lemma ordered_set_prod_mult_generate_mod_normal:
  assumes M: "M \<lhd> G" and N: "subgroup N G"
    and comm: "\<forall>x\<in>N. \<forall>h\<in>carrier G. commutator G x h \<in> M"
    and Gs: "\<forall>j\<in>{1..k}. subgroup (Gs j) G"
  shows "ordered_set_prod G Gs k <#> generate G (\<Union>j\<in>{1..k}. N \<inter> Gs j)
           \<subseteq> ordered_set_prod G Gs k <#> M"
proof -
  let ?P = "ordered_set_prod G Gs k"
  have Ps: "?P \<subseteq> carrier G"
    using Gs subgroup.subset by (intro ordered_set_prod_subset_carrier) blast
  have Msub: "subgroup M G"
    using M normal_imp_subgroup by blast
  have gen_carrier: "generate G (\<Union>j\<in>{1..k}. N \<inter> Gs j) \<subseteq> carrier G"
    using Gs subgroup.subset by (intro generate_incl) blast
  have "\<forall>p\<in>?P. p \<otimes> s \<in> ?P <#> M" if "s \<in> generate G (\<Union>j\<in>{1..k}. N \<inter> Gs j)" for s
    using that
  proof (induction s rule: generate.induct)
    case one
    then show ?case by (simp add: set_multI subgroup.one_closed[OF Msub])
  next
    case (incl g)
    then obtain j where "j \<in> {1..k}" "g \<in> N" "g \<in> Gs j"
      by blast
    then show ?case
      using comm ordered_set_prod_mult_mod_normal[OF M _ Gs] by blast
  next
    case (inv g)
    then obtain j where "j \<in> {1..k}" "g \<in> N" "g \<in> Gs j"
      by blast
    moreover from this have "inv g \<in> N" "inv g \<in> Gs j"
      using N Gs by (simp_all add: subgroup.m_inv_closed)
    ultimately show ?case
      using comm ordered_set_prod_mult_mod_normal[OF M _ Gs] by blast
  next
    case (eng s1 s2)
    have "s1 \<in> carrier G" "s2 \<in> carrier G"
      using eng.hyps gen_carrier by auto
    then show ?case
      using right_mult_closed_mod_normal[OF M Ps _ _ eng.IH] by blast
  qed
  then show ?thesis
    by (auto elim!: set_multE)
qed

end

section \<open>Closed subgroups of topological groups\<close>

lemma (in group_hom) subgroup_preimage:
  assumes "subgroup K H"
  shows "subgroup {x \<in> carrier G. h x \<in> K} G"
proof (rule G.subgroupI)
  show "{x \<in> carrier G. h x \<in> K} \<noteq> {}"
    using subgroup.one_closed[OF assms] by force
qed (auto simp: subgroup.m_inv_closed[OF assms] subgroup.m_closed[OF assms])

lemma subset_closed_generate: "A \<subseteq> closed_generate G T A"
  unfolding closed_generate_def by blast

lemma closed_generate_minimal:
  "closed_subgroup G T V \<Longrightarrow> A \<subseteq> V \<Longrightarrow> closed_generate G T A \<subseteq> V"
  unfolding closed_generate_def by blast

locale top_group =
  fixes G :: "('a, 'm) monoid_scheme" (structure) and T :: "'a topology"
  assumes topological_group: "topological_group G T"
begin

sublocale group G
  using topological_group by (simp add: topological_group_def)

lemma topspace_eq: "topspace T = carrier G"
  using topological_group by (simp add: topological_group_def)

lemma continuous_map_mult:
  assumes "continuous_map T T g" "continuous_map T T h"
  shows "continuous_map T T (\<lambda>y. g y \<otimes> h y)"
proof -
  have "continuous_map (prod_topology T T) T (\<lambda>(x, y). x \<otimes> y)"
    using topological_group by (simp add: topological_group_def)
  from continuous_map_compose[OF continuous_map_pairedI[OF assms] this]
  show ?thesis by (simp add: o_def)
qed

lemma continuous_map_inv:
  assumes "continuous_map T T g"
  shows "continuous_map T T (\<lambda>y. inv (g y))"
proof -
  have "continuous_map T T (\<lambda>x. inv x)"
    using topological_group by (simp add: topological_group_def)
  from continuous_map_compose[OF assms this] show ?thesis
    by (simp add: o_def)
qed

lemma continuous_map_const_carrier: "x \<in> carrier G \<Longrightarrow> continuous_map T T (\<lambda>y. x)"
  by (simp add: topspace_eq)

lemma continuous_map_left_mult: "x \<in> carrier G \<Longrightarrow> continuous_map T T (\<lambda>y. x \<otimes> y)"
  by (intro continuous_map_mult continuous_map_const_carrier continuous_map_id[unfolded id_def])

lemma continuous_map_conj: "g \<in> carrier G \<Longrightarrow> continuous_map T T (\<lambda>y. g \<otimes> y \<otimes> inv g)"
  by (intro continuous_map_mult continuous_map_const_carrier continuous_map_id[unfolded id_def])
     auto

lemma closed_subgroup_closed_generate:
  assumes "A \<subseteq> carrier G"
  shows "closed_subgroup G T (closed_generate G T A)"
proof -
  let ?F = "{V. closed_subgroup G T V \<and> A \<subseteq> V}"
  have "carrier G \<in> ?F"
    using assms closedin_topspace[of T] by (simp add: closed_subgroup_def subgroup_self topspace_eq)
  then have "subgroup (\<Inter>?F) G" and "closedin T (\<Inter>?F)"
    by (auto simp: closed_subgroup_def intro!: subgroups_Inter closedin_Inter)
  then show ?thesis
    unfolding closed_generate_def closed_subgroup_def by blast
qed

lemma closed_subgroup_conj_preimage:
  assumes N: "closed_subgroup G T N" and g: "g \<in> carrier G"
  shows "closed_subgroup G T {y \<in> carrier G. g \<otimes> y \<otimes> inv g \<in> N}"
proof -
  have "closedin T {y \<in> topspace T. g \<otimes> y \<otimes> inv g \<in> N}"
    using N closedin_continuous_map_preimage[OF continuous_map_conj[OF g]]
    by (simp add: closed_subgroup_def)
  moreover have "group_hom G G (\<lambda>y. g \<otimes> y \<otimes> inv g)"
    using g by unfold_locales (auto simp: hom_def m_assoc)
  then have "subgroup {y \<in> carrier G. g \<otimes> y \<otimes> inv g \<in> N} G"
    using N by (simp add: closed_subgroup_def group_hom.subgroup_preimage)
  ultimately show ?thesis
    by (simp add: closed_subgroup_def topspace_eq)
qed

+===+

Try it
Give back the lines of the data exactly as they are written, from the first line through the line containing "Gs j) \<subseteq>".

Answer section
lemma ordered_set_prod_mult_generate_mod_normal:
  assumes M: "M \<lhd> G" and N: "subgroup N G"
    and comm: "\<forall>x\<in>N. \<forall>h\<in>carrier G. commutator G x h \<in> M"
    and Gs: "\<forall>j\<in>{1..k}. subgroup (Gs j) G"
  shows "ordered_set_prod G Gs k <#> generate G (\<Union>j\<in>{1..k}. N \<inter> Gs j)
           \<subseteq> ordered_set_prod G Gs k <#> M"
proof -
  let ?P = "ordered_set_prod G Gs k"
  have Ps: "?P \<subseteq> carrier G"
    using Gs subgroup.subset by (intro ordered_set_prod_subset_carrier) blast
  have Msub: "subgroup M G"
    using M normal_imp_subgroup by blast
  have gen_carrier: "generate G (\<Union>j\<in>{1..k}. N \<inter> Gs j) \<subseteq> carrier G"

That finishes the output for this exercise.